# Confused!



## jellybeanxx

Sorry this might be a bit of a ramble as I’m not quite sure how I’m feeling and need to get it out and see if anyone can relate?

I have two sons who I absolutely adore. They’re very different from each other and I’ve never been one to conform to gender stereotypes myself and don’t want that for my sons either.

I’m pregnant with my third very longed for baby. This one took us two years of TTC. 
We’ve decided not to find out the sex this time. We’ve been back and forth on it though! I am keen for a surprise because we’ve always found out with the other kids. At the last scan we were even told that we couldn’t find out if we wanted to as baby wasn’t giving anything away so obviously it’s meant to be :haha:

Every time we have a scan though, I find myself obsessing over whether this baby is a boy or a girl. I think deep down I’m hoping for a girl but I hate admitting that as I’d never want anyone to think I’d be disappointed with my baby if it were a boy.

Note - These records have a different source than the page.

lemma J_expansion_LIMSEQ_0:
  assumes "x \<ge> 1" "Re u > 1" "Re v > 1"
  shows "(\<lambda>k. J_expansion (k + x) u v) \<longlonglongrightarrow> 0"
proof -
  have "filterlim (\<lambda>k. real (k + x)) at_top sequentially"
    by (intro filterlim_compose[OF filterlim_real_sequentially] filterlim_add_const_nat_at_top)
  then have "(\<lambda>k. complex_of_real (real (k + x)) powr (1 - u - v) / (u + v - 1)) \<longlonglongrightarrow> 0"
    using assms by (intro tendsto_divide_zero tendsto_neg_powr_complex_of_real) auto
  moreover have "(\<lambda>k. LINT \<beta>:{real (k + x)..}|lborel. zeta_cross a b \<beta>) \<longlonglongrightarrow> 0"
    if "Re a > 1" "Re b > 1" for a b
    using assms that
    by (intro set_integral_atLeast_LIMSEQ_0[OF set_integrable_zeta_cross, of a b "real x"]
        filterlim_compose[OF filterlim_real_sequentially filterlim_add_const_nat_at_top]) auto
  ultimately show ?thesis
    unfolding J_expansion_def using assms by (auto intro!: tendsto_add_zero)
qed

theorem mainTheorem7:
  fixes x :: nat and u v :: complex
  assumes "x \<ge> 1" and "Re u > 1" and "Re v > 1"
  shows "set_integrable lborel {real x..}
           (\<lambda>\<alpha>. complex_of_real \<alpha> powr (- u) * zeta_tail 1 v \<alpha>)
       \<and> set_integrable lborel {real x..}
           (\<lambda>\<alpha>. complex_of_real \<alpha> powr (- v) * zeta_tail 1 u \<alpha>)
       \<and> J_int x u v =
           (of_nat x) powr (1 - u - v) / (u + v - 1)
           + (LINT \<alpha>:{real x..}|lborel. complex_of_real \<alpha> powr (- u) * zeta_tail 1 v \<alpha>)
           + (LINT \<alpha>:{real x..}|lborel. complex_of_real \<alpha> powr (- v) * zeta_tail 1 u \<alpha>)"
proof -
  define D where "D n = J_int n u v - J_expansion n u v" for n
  have "D (k + x) = D x" for k
    by (induction k) (use J_int_minus_expansion_Suc assms in \<open>auto simp: D_def\<close>)
  moreover have "(\<lambda>k. D (k + x)) \<longlonglongrightarrow> 0 - 0"
    unfolding D_def using assms
    by (intro tendsto_diff LIMSEQ_ignore_initial_segment[OF J_int_LIMSEQ_0] J_expansion_LIMSEQ_0)
  ultimately have "J_int x u v = J_expansion x u v"
    unfolding D_def by (simp add: LIMSEQ_const_iff)
  moreover have "set_integrable lborel {real x..} (zeta_cross u v)"
    "set_integrable lborel {real x..} (zeta_cross v u)"
    using assms by (auto intro: set_integrable_zeta_cross)
  ultimately show ?thesis
    unfolding J_expansion_def zeta_cross_def[abs_def] by simp
qed

end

I want this baby so much no matter their sex! I don’t even know why I’ve got that hope this is a girl. I’m not sure it would make any difference really? This is more than likely our last baby and I guess there’s that feeling that I’ll never have a daughter. I don’t know, I think I just need some help to figure out what I’m feeling and prepare for whatever happens.

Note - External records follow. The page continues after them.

text \<open>The determinant trick: x is an eigenvalue of the integer matrix describing
  multiplication by x on the generators, hence a root of its monic characteristic polynomial.\<close>
lemma algebraic_int_if_int_span_stable:
  fixes x :: "'a :: field_char_0"
  assumes "0 < n" "g 0 \<noteq> 0" and stable: "\<And>j. j < n \<Longrightarrow> x * g j \<in> int_span n g"
  shows "algebraic_int x"
proof -
  have "\<forall>i<n. \<exists>c. x * g i = (\<Sum>j<n. of_int (c j) * g j)"
    using stable by (simp add: int_span_def image_iff)
  then obtain A where A: "\<forall>i<n. x * g i = (\<Sum>j<n. of_int (A i j) * g j)"
    by metis
  define B where "B = (mat n n (\<lambda>(i, j). A i j) :: int mat)"
  define C where "C = (map_mat of_int B :: 'a mat)"
  define v where "v = vec n g"
  have B: "B \<in> carrier_mat n n" and C: "C \<in> carrier_mat n n"
    unfolding C_def B_def by simp_all
  have "C *\<^sub>v v = x \<cdot>\<^sub>v v"
  proof (rule eq_vecI)
    fix i assume "i < dim_vec (x \<cdot>\<^sub>v v)"
    then have i: "i < n" unfolding v_def by simp
    have "(C *\<^sub>v v) $ i = (\<Sum>j<n. of_int (A i j) * g j)"
      using i unfolding C_def B_def v_def
      by (simp add: mult_mat_vec_def scalar_prod_def lessThan_atLeast0)
    also have "\<dots> = x * g i" using A i by simp
    finally show "(C *\<^sub>v v) $ i = (x \<cdot>\<^sub>v v) $ i" using i unfolding v_def by simp
  qed (simp add: v_def C_def B_def)
  moreover have "v \<noteq> 0\<^sub>v n"
  proof
    assume "v = 0\<^sub>v n"
    then have "v $ 0 = 0" using assms(1) by simp
    then show False using assms(1,2) unfolding v_def by simp
  qed
  moreover have "v \<in> carrier_vec n" unfolding v_def by simp
  ultimately have "eigenvalue C x"
    unfolding eigenvalue_def eigenvector_def using C by blast
  then have "poly (char_poly C) x = 0" using eigenvalue_root_char_poly[OF C] by simp
  moreover have "char_poly C = map_poly of_int (char_poly B)"
    unfolding C_def by (rule of_int_hom.char_poly_hom[OF B])
  moreover have "lead_coeff (char_poly B) = 1" using degree_monic_char_poly[OF B] by simp
  ultimately show ?thesis unfolding algebraic_int_altdef_ipoly by auto
qed

lemma algebraic_int_power_reduction:
  fixes x :: "'a :: field_char_0"
  assumes "algebraic_int x"
  obtains a c where "0 < a" "x ^ a = (\<Sum>t<a. of_int (c t) * x ^ t)"
proof -
  obtain p where p: "poly (map_poly of_int p) x = 0" "lead_coeff p = 1"
    using assms unfolding algebraic_int_altdef_ipoly by blast
  define a where "a = degree p"
  have "0 = (\<Sum>t\<le>a. of_int (coeff p t) * x ^ t)"
    using p(1) by (simp add: poly_altdef of_int_hom.degree_map_poly_hom a_def)
  also have "\<dots> = x ^ a + (\<Sum>t<a. of_int (coeff p t) * x ^ t)"
    using p(2) by (simp add: lessThan_Suc_atMost[symmetric] a_def)
  finally have reduction: "x ^ a = (\<Sum>t<a. of_int (- coeff p t) * x ^ t)"
    by (simp add: sum_negf eq_neg_iff_add_eq_0)
  have "0 < a"
  proof (rule ccontr)
    assume "\<not> 0 < a"
    then have "poly (map_poly (of_int :: int \<Rightarrow> 'a) p) x = 1"
      using p(2) by (simp add: poly_altdef of_int_hom.degree_map_poly_hom a_def)
    then show False using p(1) by simp
  qed
  then show ?thesis using reduction by (rule that)
qed

text \<open>The products \<alpha>^i \<beta>^j with i, j below the degrees of monic equations for \<alpha> and \<beta>
  span a finitely generated \<int>-module stable under multiplication by \<alpha> and by \<beta>.\<close>
lemma algebraic_int_add_mult:
  fixes \<alpha> \<beta> :: "'a :: field_char_0"
  assumes "algebraic_int \<alpha>" "algebraic_int \<beta>"
  shows "algebraic_int (\<alpha> + \<beta>)" "algebraic_int (\<alpha> * \<beta>)"
proof -
  obtain a p where a: "0 < a" and p: "\<alpha> ^ a = (\<Sum>t<a. of_int (p t) * \<alpha> ^ t)"
    using algebraic_int_power_reduction[OF assms(1)] by blast
  obtain b q where b: "0 < b" and q: "\<beta> ^ b = (\<Sum>t<b. of_int (q t) * \<beta> ^ t)"
    using algebraic_int_power_reduction[OF assms(2)] by blast
  define g where "g k = \<alpha> ^ (k div b) * \<beta> ^ (k mod b)" for k
  define S where "S = int_span (a * b) g"
  have monomial: "\<alpha> ^ e * \<beta> ^ f \<in> S" for e f
  proof (induction "e + f" arbitrary: e f rule: less_induct)
    case less
    consider "e < a" "f < b" | "a \<le> e" | "b \<le> f" by linarith
    then show ?case
    proof cases
      case 1
      then have "e * b + f < (e + 1) * b" by simp
      also have "\<dots> \<le> a * b" using 1 by (intro mult_right_mono) auto
      finally have "e * b + f < a * b" .
      moreover have "g (e * b + f) = \<alpha> ^ e * \<beta> ^ f" using 1 by (simp add: g_def)
      ultimately show ?thesis
        unfolding S_def using int_span_generator[of "e * b + f" "a * b" g] by simp
    next
      case 2
      have "\<alpha> ^ e = \<alpha> ^ a * \<alpha> ^ (e - a)"
        using 2 by (simp flip: power_add)
      then have "\<alpha> ^ e * \<beta> ^ f = \<alpha> ^ a * (\<alpha> ^ (e - a) * \<beta> ^ f)"
        by (simp only: mult.assoc)
      also have "\<dots> = (\<Sum>t<a. of_int (p t) * (\<alpha> ^ (e - a + t) * \<beta> ^ f))"
        unfolding p sum_distrib_right by (intro sum.cong) (simp_all add: power_add ac_simps)
      also have "\<dots> \<in> S"
        unfolding S_def using 2 by (intro int_span_sum int_span_of_int_mult less[unfolded S_def]) auto
      finally show ?thesis .
    next
      case 3
      have "\<beta> ^ f = \<beta> ^ b * \<beta> ^ (f - b)"
        using 3 by (simp flip: power_add)
      then have "\<alpha> ^ e * \<beta> ^ f = \<beta> ^ b * (\<alpha> ^ e * \<beta> ^ (f - b))"
        by (simp only: ac_simps)
      also have "\<dots> = (\<Sum>t<b. of_int (q t) * (\<alpha> ^ e * \<beta> ^ (f - b + t)))"
        unfolding q sum_distrib_right by (intro sum.cong) (simp_all add: power_add ac_simps)
      also have "\<dots> \<in> S"
        unfolding S_def using 3 by (intro int_span_sum int_span_of_int_mult less[unfolded S_def]) auto
      finally show ?thesis .
    qed
  qed
  have stable: "\<alpha> * g k \<in> S" "\<beta> * g k \<in> S" for k
    using monomial[of "Suc (k div b)" "k mod b"] monomial[of "k div b" "Suc (k mod b)"]
    by (simp_all add: g_def algebra_simps)
  have "(\<alpha> + \<beta>) * g k \<in> S" "\<alpha> * \<beta> * g k \<in> S" for k
    using int_span_add[OF stable[unfolded S_def]]
      int_span_mult_closed[OF stable(1)[unfolded S_def] stable(2)[unfolded S_def]]
    by (simp_all add: S_def distrib_right mult.assoc)
  moreover have "0 < a * b" "g 0 \<noteq> 0" using a b by (simp_all add: g_def)
  ultimately show "algebraic_int (\<alpha> + \<beta>)" "algebraic_int (\<alpha> * \<beta>)"
    unfolding S_def by (metis algebraic_int_if_int_span_stable)+
qed

lemma algebraic_int_int_lincomb:
  "(\<And>j. j \<in> F \<Longrightarrow> algebraic_int (f j)) \<Longrightarrow> algebraic_int (\<Sum>j\<in>F. of_int (c j) * f j :: 'a :: field_char_0)"
  by (induction F rule: infinite_finite_induct) (auto intro: algebraic_int_add_mult)

lemma algebraic_integer_iff_algebraic_int: "algebraic_integer x \<longleftrightarrow> algebraic_int x"
  unfolding algebraic_integer_def algebraic_int_altdef_ipoly by blast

Has anyone been through this? Any advice?


----------



## Sander

Hi :)

We just found out we’re expecting our 3rd boy! I was honestly expecting it, which helped. I had horrendous gender disappointment with my 2nd, and I was really determined not to feel the same way with this baby. It’s also likely our last. 

We found out with each baby, and my reasoning was that I didn’t want to take the chance that if we waited to find out, that my first feeling when meeting my child would be disappointment over the gender. Finding out early each time helped me bond with the baby and not build up in my head the girl I won’t have! I also named the boys very early on (once we found out gender) and that helps with being excited for them as a person, and not just being disappointed over their gender. 

Anyhoo I know some ladies are so good and can wait! If you can do that, more power to you. I think I would just consider - if it’s a boy, is the disappointment something you want to risk having to process with your newborn, or would it be easier to deal with before he comes? And of course if it’s a girl you can do lots of pre-baby shopping :p


----------



## jellybeanxx

I’ve seen a few people suggesting finding out before the birth for that reason. I think I’m operating on the default it’s a boy anyway if that makes sense? I always refer to the baby as him because I can’t imagine anything else anyway!
We were tempted to find out at the last scan as it was a private scan and the first one my husband had been allowed to attend but baby wouldn’t have allowed it anyway so I took it as a sign.
When I think about the kids being older, I picture three boys and we’ve been focusing a lot more on boy names anyway. 
I feel like I’ve resisted finding out for this long that I should hold on for the rest of the way now :lol:


----------



## Sander

jellybeanxx said:


> I’ve seen a few people suggesting finding out before the birth for that reason. I think I’m operating on the default it’s a boy anyway if that makes sense? I always refer to the baby as him because I can’t imagine anything else anyway!
> We were tempted to find out at the last scan as it was a private scan and the first one my husband had been allowed to attend but baby wouldn’t have allowed it anyway so I took it as a sign.
> When I think about the kids being older, I picture three boys and we’ve been focusing a lot more on boy names anyway.
> I feel like I’ve resisted finding out for this long that I should hold on for the rest of the way now :lol:

If you can hold out, go for it! :)


----------



## wanna_baby

Exactly what Sander said in her first post. I was in a similar situation. Pregnant with my 3rd secretly desperate for a girl but said I would be ok with another boy. I thought about waiting to find out the gender just for a change since I found out for the 1st two. But I needed time to adjust and deal with the disappointment before the baby arrived. I think waiting will be rewarding if it is a girl. You are brave to be waiting. Hope it does turn out to be a girl!!


----------